Тот жил в общежитии и очень скоро превратился в настоящего
монстра: запущенного, вечно голодного, смешного. Георгий взял Деспиллера к
себе. Дядя Костя не возражал – лишь бы музыку на всю катушку не включали. Но
Деспиллер ее вообще терпеть не мог, а Георгий не любил ничего слишком громкого.
Домработница Софья Васильевна взяла Диму под свою личную опеку. У Георгия вошло
в привычку глядеть перед выходом из дому на ноги приятеля…
Возможно, именно благодаря этой ненавязчивой заботе
Деспиллер успешно сделал то, что сделать вроде бы невозможно: доказал великую
теорему Ферма, которая считалась недоказуемой. Взял да и создал какие-то там
новые методы в теории диафантовых уравнений… просто так, из любви к математике
как искусству. Какая жалость, говорили тогда на курсе, что большая
международная премия за доказательство великой теоремы была аннулирована еще в
конце Первой мировой войны, не то Димка ее непременно получил бы!
Георгий не сомневался: если Деспиллер о чем-нибудь жалеет в
жизни, так лишь о том, что Ферма не оставил еще с десяток подобных же
«недоказуемых» теорем!
После выпуска Георгий сделал приятеля главным теоретиком
«Кайге», положил ему немалую зарплату и попытался по мере сил приобщить к
радостям жизни.
Сам же Георгий как раз открыл для себя прелести женской
любви и намеревался усовершенствоваться в этой области как теоретически, так и
практически. Однако Деспиллер отмахивался от всех интересных предложений:
ничего, кроме математических теорий, для него не существовало. Впрочем, он
казался вполне счастливым, и Георгий вскоре отстал от него.
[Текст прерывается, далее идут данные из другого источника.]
(* Let $\Sigma$ be a rotational $V$-translator in $\mathrm{SL}(2,\mathbb R)$, $V=x\partial_x+y\partial_y$, whose generating curve $\alpha(s)=(x(s),y(s))$ satisfies $x'=2y\cos\varphi$, $y'=2y\sin\varphi$. (1) If $\varphi$ is constant, then $\varphi\equiv\pi/2$ and $\Sigma$ is the rotational surface with generating curve $\alpha(s)=(0,ce^{2s})$, $c>0$ (the straight line $x=0$). (2) If $\Sigma$ has constant mean curvature $H$, then $H=0$ and $\Sigma$ is the surface of item (1).
   Context: $\mathrm{SL}(2,\mathbb R)$ is given global coordinates $(x,y,\theta)\in\mathbb R\times(0,\infty)\times\mathbb R$ via $(x,y,\theta)\mapsto \begin{pmatrix}1&x\\0&1\end{pmatrix}\begin{pmatrix}\sqrt y&0\\0&1/\sqrt y\end{pmatrix}\begin{pmatrix}\cos\theta&\sin\theta\\-\sin\theta&\cos\theta\end{pmatrix}$, with the metric $\langle\,,\rangle=\frac{dx^2+dy^2}{4y^2}+\left(d\theta+\frac{dx}{2y}\right)^2$. Orthonormal frame: $e_1=2y\partial_x-\partial_\theta$, $e_2=2y\partial_y$, $e_3=\partial_\theta$; $V=\frac{1}{2y}(xe_1+ye_2+xe_3)$. A surface with unit normal $N$ and mean curvature $H$ (average of principal curvatures w.r.t. $N$) is a $V$-translator if $H=\langle N,V\rangle$. Rotational surfaces are those parametrized as $(s,t)\mapsto(x(s),y(s),t)$; when $x'=2y\cos\varphi$, $y'=2y\sin\varphi$, one has $N=-\sin\varphi\,e_1+\cos\varphi\,e_2$ and $H=\frac{\varphi'}{2}+\cos\varphi$. *)

theory Defs
  imports "HOL-Analysis.Analysis"
begin

text \<open>Components with respect to the orthonormal frame e1, e2, e3 of SL(2,R).\<close>

definition frame_inner :: "real \<times> real \<times> real \<Rightarrow> real \<times> real \<times> real \<Rightarrow> real" where
  "frame_inner a b = fst a * fst b + fst (snd a) * fst (snd b) + snd (snd a) * snd (snd b)"

definition V_frame :: "real \<Rightarrow> real \<Rightarrow> real \<times> real \<times> real" where
  "V_frame x y = (x / (2*y), y / (2*y), x / (2*y))"

definition N_rot :: "real \<Rightarrow> real \<times> real \<times> real" where
  "N_rot phi = (- sin phi, cos phi, 0)"

definition H_rot :: "real \<Rightarrow> real \<Rightarrow> real" where
  "H_rot phi phi' = phi' / 2 + cos phi"

definition rot_generating_curve ::
  "real set \<Rightarrow> (real \<Rightarrow> real) \<Rightarrow> (real \<Rightarrow> real) \<Rightarrow> (real \<Rightarrow> real) \<Rightarrow> (real \<Rightarrow> real) \<Rightarrow> bool" where
  "rot_generating_curve I x y phi phi' \<longleftrightarrow>
     open I \<and> is_interval I \<and> I \<noteq> {} \<and>
     (\<forall>s\<in>I. y s > 0 \<and>
        (x has_real_derivative 2 * y s * cos (phi s)) (at s) \<and>
        (y has_real_derivative 2 * y s * sin (phi s)) (at s) \<and>
        (phi has_real_derivative phi' s) (at s))"

definition V_translator_rot ::
  "real set \<Rightarrow> (real \<Rightarrow> real) \<Rightarrow> (real \<Rightarrow> real) \<Rightarrow> (real \<Rightarrow> real) \<Rightarrow> (real \<Rightarrow> real) \<Rightarrow> bool" where
  "V_translator_rot I x y phi phi' \<longleftrightarrow>
     (\<forall>s\<in>I. H_rot (phi s) (phi' s) = frame_inner (N_rot (phi s)) (V_frame (x s) (y s)))"

text \<open>The surface of item (1): generating curve (0, c e^{2s}), c>0, phi = pi/2 (mod 2 pi);
  or the same curve with reversed parameter (phi = -pi/2 mod 2 pi, y = c e^{-2s}).\<close>
definition is_item1_surface ::
  "real set \<Rightarrow> (real \<Rightarrow> real) \<Rightarrow> (real \<Rightarrow> real) \<Rightarrow> (real \<Rightarrow> real) \<Rightarrow> bool" where
  "is_item1_surface I x y phi =
     (((\<exists>k::int. \<forall>s\<in>I. phi s = pi/2 + 2 * of_int k * pi) \<and>
        (\<exists>c>0. \<forall>s\<in>I. x s = 0 \<and> y s = c * exp (2 * s)))
    \<or> ((\<exists>k::int. \<forall>s\<in>I. phi s = - pi/2 + 2 * of_int k * pi) \<and>
        (\<exists>c>0. \<forall>s\<in>I. x s = 0 \<and> y s = c * exp (- 2 * s))))"

end

theory Submission
  imports Defs
begin

text \<open>
  Write \<open>u = x/y\<close>. The translator equation reads \<open>2H = cos \<phi> - u sin \<phi>\<close>, and the equations of
  the generating curve give \<open>u' = 2(cos \<phi> - u sin \<phi>)\<close>, so \<open>u' = 4H\<close>.
  If \<open>\<phi>\<close> is constant, then \<open>\<phi>' = 0\<close> forces \<open>u sin \<phi> = -cos \<phi>\<close> with \<open>sin \<phi> \<noteq> 0\<close>; hence \<open>u\<close> is
  constant, \<open>H = 0\<close>, \<open>cos \<phi> = 0\<close> and \<open>u = 0\<close>, and \<open>y' = \<plusminus>2y\<close> integrates to \<open>y = c exp (\<plusminus>2s)\<close>.
  If \<open>H\<close> is constant, differentiating \<open>2H = cos \<phi> - u sin \<phi>\<close> and eliminating \<open>\<phi>\<close> yields the
  polynomial relation \<open>(1 - H\<^sup>2) u\<^sup>2 + (4H\<^sup>2 - 1) H\<^sup>2 = 0\<close>. Its derivative \<open>8 (1 - H\<^sup>2) H u = 0\<close>
  is incompatible with \<open>u' = 4H \<noteq> 0\<close>, so \<open>H = 0\<close>; then \<open>u = 0\<close>, \<open>cos \<phi> = 0\<close>, \<open>\<phi>' = 0\<close>, and we are
  back in the constant-angle case.
\<close>

lemma DERIV_eq_0_if_constant_on_open:
  fixes f :: "real \<Rightarrow> real"
  assumes "open I" "s \<in> I" "\<forall>t\<in>I. f t = C" "(f has_real_derivative D) (at s)"
  shows "D = 0"
proof -
  have "((\<lambda>_. C) has_real_derivative 0) (at s)" by simp
  then have "(f has_real_derivative 0) (at s)"
    by (rule has_field_derivative_transform_within_open[where S=I]) (use assms in auto)
  then show ?thesis using assms(4) DERIV_unique by blast
qed

lemma DERIV_eq_scaled_imp_exp:
  fixes f :: "real \<Rightarrow> real"
  assumes "is_interval I" "\<forall>s\<in>I. (f has_real_derivative k * f s) (at s)"
  shows "\<exists>c. \<forall>s\<in>I. f s = c * exp (k * s)"
proof -
  have "((\<lambda>s. f s * exp (- k * s)) has_real_derivative 0) (at s within I)" if "s \<in> I" for s
  proof -
    have "((\<lambda>s. f s * exp (- k * s)) has_real_derivative
        k * f s * exp (- k * s) + f s * (exp (- k * s) * (- k))) (at s)"
      using assms(2) that by (auto intro!: derivative_eq_intros)
    then show ?thesis by (simp add: has_field_derivative_at_within)
  qed
  then obtain c where c: "\<forall>s\<in>I. f s * exp (- k * s) = c"
    using has_field_derivative_zero_constant[OF is_interval_convex[OF assms(1)]] by blast
  have "f s = c * exp (k * s)" if "s \<in> I" for s
  proof -
    have "f s = f s * exp (- k * s) * exp (k * s)" by (simp add: mult.assoc flip: exp_add)
    also have "\<dots> = c * exp (k * s)" using c that by simp
    finally show ?thesis .
  qed
  then show ?thesis by blast
qed

lemma rot_generating_curveD:
  assumes "rot_generating_curve I x y phi phi'"
  shows "open I" "is_interval I" "I \<noteq> {}"
    and "s \<in> I \<Longrightarrow> y s > 0"
    and "s \<in> I \<Longrightarrow> (x has_real_derivative 2 * y s * cos (phi s)) (at s)"
    and "s \<in> I \<Longrightarrow> (y has_real_derivative 2 * y s * sin (phi s)) (at s)"
    and "s \<in> I \<Longrightarrow> (phi has_real_derivative phi' s) (at s)"
  using assms unfolding rot_generating_curve_def by auto

text \<open>Here \<open>c, z, f\<close> stand for \<open>cos \<phi>, sin \<phi>, \<phi>'\<close>; the last hypothesis is the derivative of
  \<open>c - u z = 2H\<close> when \<open>u' = 4H\<close>.\<close>
lemma slope_quadratic_of_constant_H:
  fixes c z u f H :: real
  assumes circle: "c\<^sup>2 + z\<^sup>2 = 1" and H: "c = 2 * H + u * z" and f: "f = - u * z - c"
    and derivative: "z * f + 4 * H * z + u * c * f = 0"
  shows "(1 - H\<^sup>2) * u\<^sup>2 + (4 * H\<^sup>2 - 1) * H\<^sup>2 = 0"
proof -
  have circle': "z\<^sup>2 * (1 + u\<^sup>2) + 4 * H * u * z + 4 * H\<^sup>2 - 1 = 0"
    using circle unfolding H by (simp add: algebra_simps power2_eq_square)
  have derivative': "(2 * H + 2 * u * z) * (z * (1 + u\<^sup>2) + 2 * H * u) - 4 * H * z = 0"
    using derivative unfolding f H by (simp add: algebra_simps power2_eq_square)
  have "2 * (u * (1 - 2 * H\<^sup>2) - H * z * (1 + u\<^sup>2))
      = (2 * H + 2 * u * z) * (z * (1 + u\<^sup>2) + 2 * H * u) - 4 * H * z
        - 2 * u * (z\<^sup>2 * (1 + u\<^sup>2) + 4 * H * u * z + 4 * H\<^sup>2 - 1)"
    by (simp add: algebra_simps power2_eq_square)
  then have linear: "u * (1 - 2 * H\<^sup>2) = H * z * (1 + u\<^sup>2)"
    using derivative' circle' by simp
  have "H\<^sup>2 * (1 + u\<^sup>2) * (z\<^sup>2 * (1 + u\<^sup>2) + 4 * H * u * z + 4 * H\<^sup>2 - 1)
      = (H * z * (1 + u\<^sup>2))\<^sup>2 + 4 * H\<^sup>2 * u * (H * z * (1 + u\<^sup>2)) + H\<^sup>2 * (1 + u\<^sup>2) * (4 * H\<^sup>2 - 1)"
    by (simp add: algebra_simps power2_eq_square)
  also have "\<dots> = (u * (1 - 2 * H\<^sup>2))\<^sup>2 + 4 * H\<^sup>2 * u * (u * (1 - 2 * H\<^sup>2)) + H\<^sup>2 * (1 + u\<^sup>2) * (4 * H\<^sup>2 - 1)"
    by (simp only: linear)
  also have "\<dots> = (1 - H\<^sup>2) * u\<^sup>2 + (4 * H\<^sup>2 - 1) * H\<^sup>2"
    by (simp add: algebra_simps power2_eq_square power4_eq_xxxx)
  finally show ?thesis using circle' by simp
qed

context
  fixes I :: "real set" and x y phi phi' :: "real \<Rightarrow> real"
  assumes curve: "rot_generating_curve I x y phi phi'"
    and translator: "V_translator_rot I x y phi phi'"
begin

lemma rot_translator_H_eq:
  assumes "s \<in> I"
  shows "H_rot (phi s) (phi' s) = (cos (phi s) - x s / y s * sin (phi s)) / 2"
proof -
  have "y s > 0" using rot_generating_curveD(4)[OF curve assms] .
  moreover have "H_rot (phi s) (phi' s) = frame_inner (N_rot (phi s)) (V_frame (x s) (y s))"
    using translator assms unfolding V_translator_rot_def by blast
  ultimately show ?thesis
    unfolding frame_inner_def N_rot_def V_frame_def by (simp add: field_simps)
qed

lemma rot_translator_angle_derivative:
  assumes "s \<in> I"
  shows "phi' s = - x s / y s * sin (phi s) - cos (phi s)"
  using rot_translator_H_eq[OF assms] unfolding H_rot_def by (simp add: field_simps)

lemma rot_translator_slope_derivative:
  assumes "s \<in> I"
  shows "((\<lambda>s. x s / y s) has_real_derivative 4 * H_rot (phi s) (phi' s)) (at s)"
proof -
  have y: "y s > 0" using rot_generating_curveD(4)[OF curve assms] .
  have "((\<lambda>s. x s / y s) has_real_derivative
      (2 * y s * cos (phi s) * y s - x s * (2 * y s * sin (phi s))) / (y s * y s)) (at s)"
    using rot_generating_curveD(5,6)[OF curve assms] y by (auto intro!: derivative_eq_intros)
  moreover have "(2 * y s * cos (phi s) * y s - x s * (2 * y s * sin (phi s))) / (y s * y s)
      = 4 * H_rot (phi s) (phi' s)"
    unfolding rot_translator_H_eq[OF assms] using y by (simp add: field_simps)
  ultimately show ?thesis by simp
qed
lemma tree_category_path_closed:
  assumes "y \<in> tree_category x i b j" "is_ancestor x z" "is_ancestor z y"
  shows "z \<in> tree_category x i b j"
proof (cases "x = z")
  case False
  have "x \<noteq> y"
  proof
    assume "x = y"
    then have "depth z \<le> depth x" using assms(3) unfolding is_ancestor_def by simp
    then show False using is_ancestor_eq_if_depth_le[OF assms(2)] False by simp
  qed
  then have "rank (child_towards x y) \<le> i \<and> i \<le> rank x \<and>
      (bit (position (child_towards x y)) i = b \<or> depth y \<le> j)"
    using assms(1) unfolding tree_category_def by simp
  moreover have "child_towards x y = child_towards x z"
    using child_towards_eq[OF assms(2) False assms(3)] .
  moreover have "depth z \<le> depth y" using assms(3) unfolding is_ancestor_def by simp
  ultimately show ?thesis
    unfolding tree_category_def using assms(2) False by auto
qed (simp add: tree_category_def)

lemma tree_category_separates_parent:
  assumes "is_ancestor a u" "a \<noteq> u" "rank (child_towards a u) \<le> i" "i \<le> rank a"
    and "b \<noteq> bit (position (child_towards a u)) i"
  shows "parent u \<in> tree_category a i b (depth (parent u))"
    and "u \<notin> tree_category a i b (depth (parent u))"
proof -
  have u: "u \<in> U" "u \<noteq> root"
    using assms(1,2) is_ancestor_in_U is_ancestor_not_root by auto
  show "u \<notin> tree_category a i b (depth (parent u))"
    using assms(2,5) depth_parent[OF u] unfolding tree_category_def by auto
  have "is_ancestor a (parent u)" using assms(1,2) by (rule is_ancestor_of_parent)
  moreover have "a \<noteq> parent u \<Longrightarrow> child_towards a u = child_towards a (parent u)"
    using child_towards_eq[OF _ _ is_ancestor_parent[OF u]] calculation by blast
  ultimately show "parent u \<in> tree_category a i b (depth (parent u))"
    using assms(3,4) unfolding tree_category_def by auto
qed
text \<open>
  Read the array as the grid \<open>{0..<r} \<times> \<int>/p\<close>; the diagonal \<open>D(s,t)\<close> is then a line of slope \<open>s\<close>,
  and since \<open>r \<le> p\<close> with \<open>p\<close> prime, two lines of distinct slopes meet in at most one point.
  The first request for a bit is served by the bit itself. A repeated request for the point \<open>P\<close>
  is served by a parity bit of some slope \<open>s\<^sub>l\<close> together with the other bits of its line through \<open>P\<close>;
  the slopes are chosen greedily. A slope is forbidden if its line through \<open>P\<close> hits another
  requested point (at most one slope per point), or if it clashes with an earlier repeated request
  \<open>Q\<close>: the same slope when \<open>Q = P\<close>, a line meeting the line used for \<open>Q\<close> otherwise. Two lines
  through \<open>P\<close> meeting a line of a third slope would form a triangle whose side slopes yield an
  \<open>r\<close>-weighted arithmetic progression, so each earlier request forbids at most one slope, and
  fewer than \<open>k\<close> slopes are forbidden in total.
\<close>

lemma dvd_abs_less_imp_zero:
  fixes x m :: int
  assumes "m dvd x" "\<bar>x\<bar> < \<bar>m\<bar>"
  shows "x = 0"
  using dvd_imp_le_int[of x m] assms by fastforce

text \<open>The line of slope \<open>s\<close> through \<open>X\<close> is the diagonal \<open>D(s,t)\<close> with \<open>t = line_offset p s X\<close>.\<close>

definition line_offset :: "nat \<Rightarrow> nat \<Rightarrow> nat \<times> nat \<Rightarrow> nat" where
  "line_offset p s X = nat ((int (snd X) - int (fst X) * int s) mod int p)"

lemma line_offset_less: "0 < p \<Longrightarrow> line_offset p s X < p"
  unfolding line_offset_def by (simp add: nat_less_iff)

lemma line_offset_eq_iff:
  assumes "0 < p"
  shows "line_offset p s X = line_offset p s Y \<longleftrightarrow>
    int p dvd int (snd X) - int (snd Y) - (int (fst X) - int (fst Y)) * int s"
  using assms unfolding line_offset_def
  by (simp add: eq_nat_nat_iff mod_eq_dvd_iff algebra_simps)

lemma mem_diag_iff:
  assumes "0 < p" "t < p"
  shows "X \<in> diag r p s t \<longleftrightarrow> X \<in> info_idx r p \<and> line_offset p s X = t"
proof -
  obtain i c where X: "X = (i, c)" by fastforce
  have "c = (t + i * s) mod p \<longleftrightarrow> c < p \<and> line_offset p s X = t"
  proof -
    have "c = (t + i * s) mod p \<longleftrightarrow> c < p \<and> int c mod int p = (int t + int i * int s) mod int p"
      by (metis mod_less mod_less_divisor assms(1) of_nat_mod of_nat_add of_nat_mult of_nat_eq_iff)
    also have "\<dots> \<longleftrightarrow> c < p \<and> (int c - int i * int s) mod int p = int t mod int p"
      by (simp add: mod_eq_dvd_iff algebra_simps)
    also have "\<dots> \<longleftrightarrow> c < p \<and> (int c - int i * int s) mod int p = int t"
      using assms by simp
    finally show ?thesis unfolding line_offset_def X by auto
  qed
  then show ?thesis unfolding diag_def info_idx_def X by auto
qed

lemma same_row_imp_eq:
  assumes "0 < p" "X \<in> info_idx r p" "Y \<in> info_idx r p" "fst X = fst Y"
    "line_offset p s X = line_offset p s Y"
  shows "X = Y"
proof -
  have "int p dvd int (snd X) - int (snd Y)"
    using line_offset_eq_iff[OF assms(1), THEN iffD1, OF assms(5)] assms(4) by simp
  moreover have "snd X < p" "snd Y < p"
    using assms(2,3) unfolding info_idx_def by auto
  then have "\<bar>int (snd X) - int (snd Y)\<bar> < \<bar>int p\<bar>" by linarith
  ultimately have "int (snd X) - int (snd Y) = 0" by (rule dvd_abs_less_imp_zero)
  then have "snd X = snd Y" by simp
  then show ?thesis using assms(4) by (simp add: prod_eq_iff)
qed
Прошло три года, и вот Софья Васильевна, любившая
Деспиллера, как родного сына, сообщила Георгию по секрету: с Димой что-то не
то. Вынырнув из волн очередного романа, Георгий присмотрелся к приятелю и
пришел к выводу: переизбыток гормонов все-таки сыграл свою губительную роль.
Тем же вечером он сообщил Деспиллеру, что берет его с собой на Крит, где есть
две знакомые девочки. А кроме того – солнце, белопенное море и прочее…
Против ожидания, Деспиллер не сделал испуганные глаза, не
заговорил о глобальных проблемах – он с неприязненным выражением буркнул:
– Они ведь иностранки, да?
– Конечно, гречанки, – кивнул Георгий, удивившись подобному
национализму.
– Но я по-гречески ни бум-бум, – потупился друг.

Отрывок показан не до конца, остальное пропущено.